* **Exercise directions**:
Set the following entries down again exactly, line by line.

(Data entries)
···
lemma sum_ax_by_solutions_add_square_split_ab:
  "(\<Sum>(a,b,x,y)\<in>ax_by_solutions n. (a + b)^2) =
     4 * (\<Sum>(a,b,x,y)\<in>ax_by_solutions n. a * b)
     + 2 * (\<Sum>(a,b,x,y)\<in>{(a,b,x,y)\<in>ax_by_solutions n. x < y}. a^2)"
proof -
  have sq: "(a + b)^2 = 4 * (a * b) + (a - b)^2 + (b - a)^2" for a b :: nat
  proof (cases "a \<le> b")
    case True
    then obtain c where "b = a + c" using le_iff_add by blast
    then show ?thesis by (simp add: power2_eq_square algebra_simps)
  next
    case False
    then obtain c where "a = b + c" using le_iff_add nat_le_linear by blast
    then show ?thesis by (simp add: power2_eq_square algebra_simps)
  qed
  have "(\<Sum>(a,b,x,y)\<in>ax_by_solutions n. (a - b)^2) =
        (\<Sum>(a,b,x,y)\<in>{(a,b,x,y)\<in>ax_by_solutions n. b < a}. (a - b)^2)"
    by (rule sum.mono_neutral_right) auto
  also have "\<dots> = (\<Sum>(a,b,x,y)\<in>{(a,b,x,y)\<in>ax_by_solutions n. x < y}. a^2)"
    using sum_ax_by_solutions_shear_left[where G="\<lambda>(a,b,x,y). a^2"] by simp
  finally have diff: "(\<Sum>(a,b,x,y)\<in>ax_by_solutions n. (a - b)^2) =
        (\<Sum>(a,b,x,y)\<in>{(a,b,x,y)\<in>ax_by_solutions n. x < y}. a^2)" .
  have "(\<Sum>(a,b,x,y)\<in>ax_by_solutions n. (b - a)^2) = (\<Sum>(a,b,x,y)\<in>ax_by_solutions n. (a - b)^2)"
    using sum_ax_by_solutions_swap[where P="\<lambda>a b x y. True" and G="\<lambda>(a,b,x,y). (a - b)^2"] by simp
  moreover have "(\<Sum>(a,b,x,y)\<in>ax_by_solutions n. (a + b)^2) =
      4 * (\<Sum>(a,b,x,y)\<in>ax_by_solutions n. a * b) + (\<Sum>(a,b,x,y)\<in>ax_by_solutions n. (a - b)^2)
      + (\<Sum>(a,b,x,y)\<in>ax_by_solutions n. (b - a)^2)"
    by (simp add: sq sum.distrib sum_distrib_left case_prod_unfold)
  ultimately show ?thesis
    using diff by simp
qed

lemma sum_ax_by_solutions_square_split:
  "(\<Sum>(a,b,x,y)\<in>{(a,b,x,y)\<in>ax_by_solutions n. b < a}. a^2)
     + (\<Sum>(a,b,x,y)\<in>{(a,b,x,y)\<in>ax_by_solutions n. a = b}. a^2) =
   (\<Sum>(a,b,x,y)\<in>{(a,b,x,y)\<in>ax_by_solutions n. x < y}. a^2)
     + (\<Sum>(a,b,x,y)\<in>{(a,b,x,y)\<in>ax_by_solutions n. x = y}. a^2)"
proof -
  have "(\<Sum>(a,b,x,y)\<in>{(a,b,x,y)\<in>ax_by_solutions n. a < b}. a^2) =
        (\<Sum>(a,b,x,y)\<in>{(a,b,x,y)\<in>ax_by_solutions n. y < x}. a^2)"
    using sum_ax_by_solutions_shear_right[where G="\<lambda>(a,b,x,y). a^2"] by simp
  then show ?thesis
    using sum_split_by_order[where f="\<lambda>(a,b,x,y). a^2" and u="\<lambda>a b x y. a"
        and v="\<lambda>a b x y. b", OF finite_ax_by_solutions[of n]]
      sum_split_by_order[where f="\<lambda>(a,b,x,y). a^2" and u="\<lambda>a b x y. x"
        and v="\<lambda>a b x y. y", OF finite_ax_by_solutions[of n]]
    by simp
qed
···
* **Result of the task**:
lemma sum_ax_by_solutions_add_square_split_ab:
  "(\<Sum>(a,b,x,y)\<in>ax_by_solutions n. (a + b)^2) =
     4 * (\<Sum>(a,b,x,y)\<in>ax_by_solutions n. a * b)
     + 2 * (\<Sum>(a,b,x,y)\<in>{(a,b,x,y)\<in>ax_by_solutions n. x < y}. a^2)"
proof -
  have sq: "(a + b)^2 = 4 * (a * b) + (a - b)^2 + (b - a)^2" for a b :: nat
  proof (cases "a \<le> b")
    case True
    then obtain c where "b = a + c" using le_iff_add by blast
    then show ?thesis by (simp add: power2_eq_square algebra_simps)
  next
    case False
    then obtain c where "a = b + c" using le_iff_add nat_le_linear by blast
    then show ?thesis by (simp add: power2_eq_square algebra_simps)
  qed
  have "(\<Sum>(a,b,x,y)\<in>ax_by_solutions n. (a - b)^2) =
        (\<Sum>(a,b,x,y)\<in>{(a,b,x,y)\<in>ax_by_solutions n. b < a}. (a - b)^2)"
    by (rule sum.mono_neutral_right) auto
  also have "\<dots> = (\<Sum>(a,b,x,y)\<in>{(a,b,x,y)\<in>ax_by_solutions n. x < y}. a^2)"
    using sum_ax_by_solutions_shear_left[where G="\<lambda>(a,b,x,y). a^2"] by simp
  finally have diff: "(\<Sum>(a,b,x,y)\<in>ax_by_solutions n. (a - b)^2) =
        (\<Sum>(a,b,x,y)\<in>{(a,b,x,y)\<in>ax_by_solutions n. x < y}. a^2)" .
  have "(\<Sum>(a,b,x,y)\<in>ax_by_solutions n. (b - a)^2) = (\<Sum>(a,b,x,y)\<in>ax_by_solutions n. (a - b)^2)"
    using sum_ax_by_solutions_swap[where P="\<lambda>a b x y. True" and G="\<lambda>(a,b,x,y). (a - b)^2"] by simp
  moreover have "(\<Sum>(a,b,x,y)\<in>ax_by_solutions n. (a + b)^2) =
      4 * (\<Sum>(a,b,x,y)\<in>ax_by_solutions n. a * b) + (\<Sum>(a,b,x,y)\<in>ax_by_solutions n. (a - b)^2)
      + (\<Sum>(a,b,x,y)\<in>ax_by_solutions n. (b - a)^2)"
    by (simp add: sq sum.distrib sum_distrib_left case_prod_unfold)
  ultimately show ?thesis
    using diff by simp
qed

lemma sum_ax_by_solutions_square_split:
  "(\<Sum>(a,b,x,y)\<in>{(a,b,x,y)\<in>ax_by_solutions n. b < a}. a^2)
     + (\<Sum>(a,b,x,y)\<in>{(a,b,x,y)\<in>ax_by_solutions n. a = b}. a^2) =
   (\<Sum>(a,b,x,y)\<in>{(a,b,x,y)\<in>ax_by_solutions n. x < y}. a^2)
     + (\<Sum>(a,b,x,y)\<in>{(a,b,x,y)\<in>ax_by_solutions n. x = y}. a^2)"
proof -
  have "(\<Sum>(a,b,x,y)\<in>{(a,b,x,y)\<in>ax_by_solutions n. a < b}. a^2) =
        (\<Sum>(a,b,x,y)\<in>{(a,b,x,y)\<in>ax_by_solutions n. y < x}. a^2)"
    using sum_ax_by_solutions_shear_right[where G="\<lambda>(a,b,x,y). a^2"] by simp
  then show ?thesis
    using sum_split_by_order[where f="\<lambda>(a,b,x,y). a^2" and u="\<lambda>a b x y. a"
        and v="\<lambda>a b x y. b", OF finite_ax_by_solutions[of n]]
      sum_split_by_order[where f="\<lambda>(a,b,x,y). a^2" and u="\<lambda>a b x y. x"
        and v="\<lambda>a b x y. y", OF finite_ax_by_solutions[of n]]
    by simp
qed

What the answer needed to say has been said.